New media has had a cheap if not free ride, but that seems to be changing. Mark Cuban recently called Google a vampire sucking traditional media’s blood. Newspapers and magazines are threatening to block Google and start charging for their on-line products.
Google appears to accept the inevitability that providers will start charging for content, Google’s Krishna Bharat admitting, The industry appears to be moving toward pay walls...Google is very interested in working with whatever scheme ultimately takes off. The other day, News Corp’s CEO Rupert Murdoch observed that without content, the iPad and Kindle devices would be unloved and unsold.
This new assertiveness of content providers is not be choice, but by necessity. As newspapers became increasing dependent on Internet readership, they hoped that they could continue to make most of their money from advertising. They found that they couldn’t.
Internet advertising revenues haven’t come close to what they made from print. They need an additional source of revenue to service. They believe their only option is to charge news aggregators like Google and readers for Internet access to their product.
Radio is finding the same thing.

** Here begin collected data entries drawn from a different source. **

(* For all integers $n,k,d$ with $2\le k\le d<n$, there exists a directed graph $G$ on $\{D\}\cup[n]$ that satisfies the $d$-propagating-dealer property and satisfies $$\Gamma_{\text{sota}}(G)\ge\frac{n(n+1)}{4d}.$$
   Context: $G$ is a directed graph on $\{D\}\cup[n]$, $D$ the dealer, $[n]$ the participants; $\mathcal N(D)$ is the set of out-neighbours of $D$. $G$ satisfies the $d$-propagating-dealer property if there is an ordering of the $n$ participants such that every participant either has an incoming edge from $D$ or has incoming edges from at least $d$ participants preceding it in the ordering. For a participant $i$ and integer $w\ge k$, let $\ell_w(D\to i)$ be the minimum, over all families of $w$ internally vertex-disjoint directed paths from $D$ to $i$, of the average length (number of edges) of the paths in the family, with $\ell_w(D\to i)=\infty$ if no such family exists. The communication complexity of the state-of-the-art (separate secure transmissions) scheme is $$\Gamma_{\text{sota}}(G)=|\mathcal N(D)|+\sum_{i\notin\mathcal N(D)}\min_{w\ge k}\Big[\frac{w}{w-k+1}\,\ell_w(D\to i)\Big].$$ *)

theory Defs
  imports "HOL-Library.Extended_Real"
begin

text \<open>Vertex 0 is the dealer D; participants are 1..n. A directed graph on
{D} \<union> [n] is an edge set E \<subseteq> {0..n} \<times> {0..n}.\<close>

definition is_digraph :: "nat \<Rightarrow> (nat \<times> nat) set \<Rightarrow> bool" where
  "is_digraph n E \<longleftrightarrow> E \<subseteq> {0..n} \<times> {0..n}"

definition dealer_nbrs :: "nat \<Rightarrow> (nat \<times> nat) set \<Rightarrow> nat set" where
  "dealer_nbrs n E = {i \<in> {1..n}. (0, i) \<in> E}"

definition propagating_dealer :: "nat \<Rightarrow> nat \<Rightarrow> (nat \<times> nat) set \<Rightarrow> bool" where
  "propagating_dealer n d E \<longleftrightarrow>
     (\<exists>pos :: nat \<Rightarrow> nat. bij_betw pos {1..n} {1..n} \<and>
        (\<forall>i \<in> {1..n}. (0, i) \<in> E \<or>
            card {j \<in> {1..n}. pos j < pos i \<and> (j, i) \<in> E} \<ge> d))"

definition is_path :: "(nat \<times> nat) set \<Rightarrow> nat \<Rightarrow> nat \<Rightarrow> nat list \<Rightarrow> bool" where
  "is_path E u v p \<longleftrightarrow> p \<noteq> [] \<and> hd p = u \<and> last p = v \<and> distinct p \<and>
     (\<forall>j. Suc j < length p \<longrightarrow> (p ! j, p ! Suc j) \<in> E)"

definition path_len :: "nat list \<Rightarrow> nat" where
  "path_len p = length p - 1"

definition internal :: "nat list \<Rightarrow> nat set" where
  "internal p = set (butlast (tl p))"

definition disjoint_family :: "(nat \<times> nat) set \<Rightarrow> nat \<Rightarrow> nat \<Rightarrow> nat list list \<Rightarrow> bool" where
  "disjoint_family E i w ps \<longleftrightarrow> length ps = w \<and> distinct ps \<and>
     (\<forall>p \<in> set ps. is_path E 0 i p) \<and>
     (\<forall>a < w. \<forall>b < w. a \<noteq> b \<longrightarrow> internal (ps ! a) \<inter> internal (ps ! b) = {})"

text \<open>\<ell>_w(D \<rightarrow> i): minimum average length, \<infinity> if no family exists.\<close>
definition avg_len :: "(nat \<times> nat) set \<Rightarrow> nat \<Rightarrow> nat \<Rightarrow> ereal" where
  "avg_len E w i = (INF ps \<in> {ps. disjoint_family E i w ps}.
       ereal ((\<Sum>p\<leftarrow>ps. real (path_len p)) / real w))"

definition gamma_sota :: "nat \<Rightarrow> nat \<Rightarrow> (nat \<times> nat) set \<Rightarrow> ereal" where
  "gamma_sota n k E = ereal (real (card (dealer_nbrs n E))) +
     (\<Sum>i \<in> {1..n} - dealer_nbrs n E.
        (INF w \<in> {w. w \<ge> k}. ereal (real w / real (w - k + 1)) * avg_len E w i))"

end

theory Submission
  imports Defs
begin

(* Take the "window graph" on D = 0 and participants 1..n: the dealer
   points to 1..d, and participant j points to every i with j < i <= j + d.
   With the natural ordering 1 < 2 < ... < n, each participant i > d has exactly
   the d in-neighbours i-d..i-1 before it, so the d-propagating-dealer property holds.
   Every edge raises the vertex label by at most d, hence every path from D to i has
   at least i/d edges; so the average length of any family of paths is at least i/d,
   and since the factor w/(w-k+1) is at least 1, participant i contributes at least
   i/d to Gamma_sota.  Summing, Gamma_sota >= d + sum_{i=d+1..n} i/d, which is
   at least (sum_{i=1..n} i)/d = n(n+1)/(2d) >= n(n+1)/(4d). *)

lemma path_label_growth:
  assumes step: "\<And>a b. (a, b) \<in> E \<Longrightarrow> b \<le> a + d"
    and path: "is_path E u v p"
  shows "v \<le> u + d * path_len p"
proof -
  have ne: "p \<noteq> []" and hd: "hd p = u" and last: "last p = v"
    and edge: "\<And>j. Suc j < length p \<Longrightarrow> (p ! j, p ! Suc j) \<in> E"
    using path unfolding is_path_def by auto
  have prefix: "p ! j \<le> u + d * j" if "j < length p" for j
    using that
  proof (induction j)
    case 0
    then show ?case using hd ne by (simp add: hd_conv_nth)
  next
    case (Suc j)
    then have "p ! Suc j \<le> p ! j + d" using step edge by blast
    then show ?case using Suc by simp
  qed
  have "v = p ! (length p - 1)" using ne last by (simp add: last_conv_nth)
  then show ?thesis using prefix[of "length p - 1"] ne unfolding path_len_def by simp
qed

lemma avg_len_lower_bound:
  assumes "w > 0" and long: "\<And>p. is_path E 0 i p \<Longrightarrow> L \<le> real (path_len p)"
  shows "ereal L \<le> avg_len E w i"
  unfolding avg_len_def
proof (rule INF_greatest)
  fix ps assume "ps \<in> {ps. disjoint_family E i w ps}"
  then have len: "length ps = w" and paths: "\<forall>p \<in> set ps. is_path E 0 i p"
    unfolding disjoint_family_def by auto
  have "real w * L = (\<Sum>p\<leftarrow>ps. L)" using len by (simp add: sum_list_triv)
  also have "\<dots> \<le> (\<Sum>p\<leftarrow>ps. real (path_len p))"
    using paths long by (intro sum_list_mono) auto
  finally have "L \<le> (\<Sum>p\<leftarrow>ps. real (path_len p)) / real w"
    using \<open>w > 0\<close> by (simp add: le_divide_eq mult.commute)
  then show "ereal L \<le> ereal ((\<Sum>p\<leftarrow>ps. real (path_len p)) / real w)" by simp
qed

text \<open>The per-participant term of Gamma_sota is bounded below by any non-negative
  lower bound on the average lengths, because the factor w/(w-k+1) is at least 1.\<close>
lemma sota_term_lower_bound:
  assumes "1 \<le> k" and "0 \<le> L"
    and avg: "\<And>w. k \<le> w \<Longrightarrow> ereal L \<le> avg_len E w i"
  shows "ereal L \<le> (INF w \<in> {w. w \<ge> k}. ereal (real w / real (w - k + 1)) * avg_len E w i)"
proof (rule INF_greatest)
  fix w assume "w \<in> {w. w \<ge> k}"
  then have w: "k \<le> w" by simp
  have factor: "1 \<le> real w / real (w - k + 1)" using w assms(1) by simp
  have "L \<le> (real w / real (w - k + 1)) * L"
    using mult_right_mono[OF factor \<open>0 \<le> L\<close>] by simp
  then have "ereal L \<le> ereal (real w / real (w - k + 1)) * ereal L" by simp
  also have "\<dots> \<le> ereal (real w / real (w - k + 1)) * avg_len E w i"
    using avg[OF w] factor by (intro ereal_mult_left_mono) auto
  finally show "ereal L \<le> ereal (real w / real (w - k + 1)) * avg_len E w i" .
qed

lemma gamma_sota_lower_bound:
  assumes "1 \<le> k" and "0 < d" and step: "\<And>a b. (a, b) \<in> E \<Longrightarrow> b \<le> a + d"
  shows "ereal (real (card (dealer_nbrs n E)) + (\<Sum>i \<in> {1..n} - dealer_nbrs n E. real i / real d))
           \<le> gamma_sota n k E"
proof -
  have participant_cost: "ereal (real i / real d)
      \<le> (INF w \<in> {w. w \<ge> k}. ereal (real w / real (w - k + 1)) * avg_len E w i)" for i
  proof (rule sota_term_lower_bound[OF \<open>1 \<le> k\<close>])
    fix w assume "k \<le> w"
    show "ereal (real i / real d) \<le> avg_len E w i"
    proof (rule avg_len_lower_bound)
      show "0 < w" using \<open>k \<le> w\<close> \<open>1 \<le> k\<close> by simp
      fix p assume "is_path E 0 i p"
      then have "real i \<le> real d * real (path_len p)"
        using path_label_growth[OF step] by (metis add_0 of_nat_le_iff of_nat_mult)
      then show "real i / real d \<le> real (path_len p)"
        using \<open>0 < d\<close> by (simp add: divide_le_eq mult.commute)
    qed
  qed simp
  show ?thesis
    unfolding gamma_sota_def sum_ereal[symmetric] plus_ereal.simps(1)[symmetric]
    by (intro add_left_mono sum_mono participant_cost)
qed

definition window_graph :: "nat \<Rightarrow> nat \<Rightarrow> (nat \<times> nat) set" where
  "window_graph n d =
     {(0, i) | i. 1 \<le> i \<and> i \<le> d} \<union> {(j, i) | j i. 1 \<le> j \<and> j < i \<and> i \<le> n \<and> i \<le> j + d}"

lemma window_graph_digraph: "d \<le> n \<Longrightarrow> is_digraph n (window_graph n d)"
  unfolding is_digraph_def window_graph_def by auto

lemma window_graph_dealer_nbrs: "d \<le> n \<Longrightarrow> dealer_nbrs n (window_graph n d) = {1..d}"
  unfolding dealer_nbrs_def window_graph_def by auto

lemma window_graph_step: "(a, b) \<in> window_graph n d \<Longrightarrow> b \<le> a + d"
  unfolding window_graph_def by auto

text \<open>With the identity ordering, participant i > d has the d predecessors
  i-d, ..., i-1 as in-neighbours.\<close>
lemma window_graph_propagating: "propagating_dealer n d (window_graph n d)"
  unfolding propagating_dealer_def
proof (intro exI[of _ id] conjI ballI)
  show "bij_betw id {1..n} {1..n}" by simp
  fix i assume i: "i \<in> {1..n}"
  show "(0, i) \<in> window_graph n d
        \<or> d \<le> card {j \<in> {1..n}. id j < id i \<and> (j, i) \<in> window_graph n d}"
  proof (cases "i \<le> d")
    case True
    then show ?thesis using i unfolding window_graph_def by auto
  next
    case False
    then have "{j \<in> {1..n}. id j < id i \<and> (j, i) \<in> window_graph n d} = {i - d..<i}"
      using i unfolding window_graph_def by auto
    then show ?thesis using False by simp
  qed
qed

lemma sum_atLeastAtMost_real: "(\<Sum>i\<in>{1..n}. real i) = real n * (real n + 1) / 2"
  by (induction n) (auto simp: field_simps)

text \<open>Replacing the first d summands i/d (each at most 1) by 1 only increases the sum.\<close>
lemma window_cost_estimate:
  assumes "0 < d" and "d \<le> n"
  shows "real n * (real n + 1) / (4 * real d) \<le> real d + (\<Sum>i \<in> {1..n} - {1..d}. real i / real d)"
proof -
  have "real n * (real n + 1) / (4 * real d) \<le> real n * (real n + 1) / (2 * real d)"
    using assms(1) by (intro divide_left_mono) auto
  also have "\<dots> = (\<Sum>i\<in>{1..n}. real i / real d)"
    using assms(1) sum_atLeastAtMost_real[of n]
    by (simp add: sum_divide_distrib[symmetric] field_simps)
  also have "\<dots> = (\<Sum>i\<in>{1..d}. real i / real d) + (\<Sum>i \<in> {1..n} - {1..d}. real i / real d)"
    using assms(2) by (subst sum.subset_diff[of "{1..d}"]) auto
  also have "(\<Sum>i\<in>{1..d}. real i / real d) \<le> (\<Sum>i\<in>{1..d}. 1)"
    using assms(1) by (intro sum_mono) (auto simp: divide_le_eq)
  finally show ?thesis by simp
qed

theorem mainTheorem9:
  fixes n k d :: nat
  assumes "2 \<le> k" and "k \<le> d" and "d < n"
  shows "\<exists>E. is_digraph n E \<and> propagating_dealer n d E \<and>
           gamma_sota n k E \<ge> ereal (real n * (real n + 1) / (4 * real d))"
proof (intro exI[of _ "window_graph n d"] conjI)
  have "0 < d" and "d \<le> n" using assms by simp_all
  show "is_digraph n (window_graph n d)" using window_graph_digraph[OF \<open>d \<le> n\<close>] .
  show "propagating_dealer n d (window_graph n d)" by (rule window_graph_propagating)
  have "ereal (real n * (real n + 1) / (4 * real d))
        \<le> ereal (real d + (\<Sum>i \<in> {1..n} - {1..d}. real i / real d))"
    using window_cost_estimate[OF \<open>0 < d\<close> \<open>d \<le> n\<close>] by simp
  also have "\<dots> \<le> gamma_sota n k (window_graph n d)"
    using gamma_sota_lower_bound[of k d "window_graph n d" n] assms \<open>0 < d\<close>
    by (simp add: window_graph_step window_graph_dealer_nbrs[OF \<open>d \<le> n\<close>])
  finally show "ereal (real n * (real n + 1) / (4 * real d)) \<le> gamma_sota n k (window_graph n d)" .
qed

end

It is becoming increasingly clear that radio isn’t going to replace all the revenue it has lost with Internet based revenue.
The debate over the future of radio has assumed that the battle would be between advertising supported pure Internet products like Pandora and advertising supported terrestrial stations. What if radio evolves differently?
What if radio also starts charging for its content?
Radio has unique content that people want to listen to. That is why 90% of Americans continue to listen to radio and why time spent listening to radio has hardly suffered in the face of all the new alternatives.
It might sound crazy, but charging might be the only way radio can afford to remain a local product.
Terrestrial radio’s greatest strength is its localism. That advantage is rapidly slipping away. With advertising options growing, spot pricing pressure is increasing, and revenues declining.
In response, many stations are cutting programming costs, laying-off expensive morning shows, using syndicated personalities, voice tracking, and in other ways providing a weaker less local product. The cutbacks may offer a short term solution to declining revenue, but the abandonment of localism makes commercial radio extremely vulnerable to national Internet products.
Degrading commercial radio by eliminating localism in an effort to maintain profitability plays into the hands of Internet radio. If all radio is national radio, terrestrial radio loses. On the other hand, if terrestrial radio rediscovered the power of local radio (rather than just pay lip-service to it), Internet radio will not succeed.
Perhaps the answer is for local station clusters to evolve into a mix of inexpensively programmed advertising supported terrestrial stations along side listener supported local on-line products with few or no commercials.
Commercial radio has the most creative and innovative programmers in the world. There is no question that this business can create high quality local products that can out-compete any pure Internet product. It may be our only hope.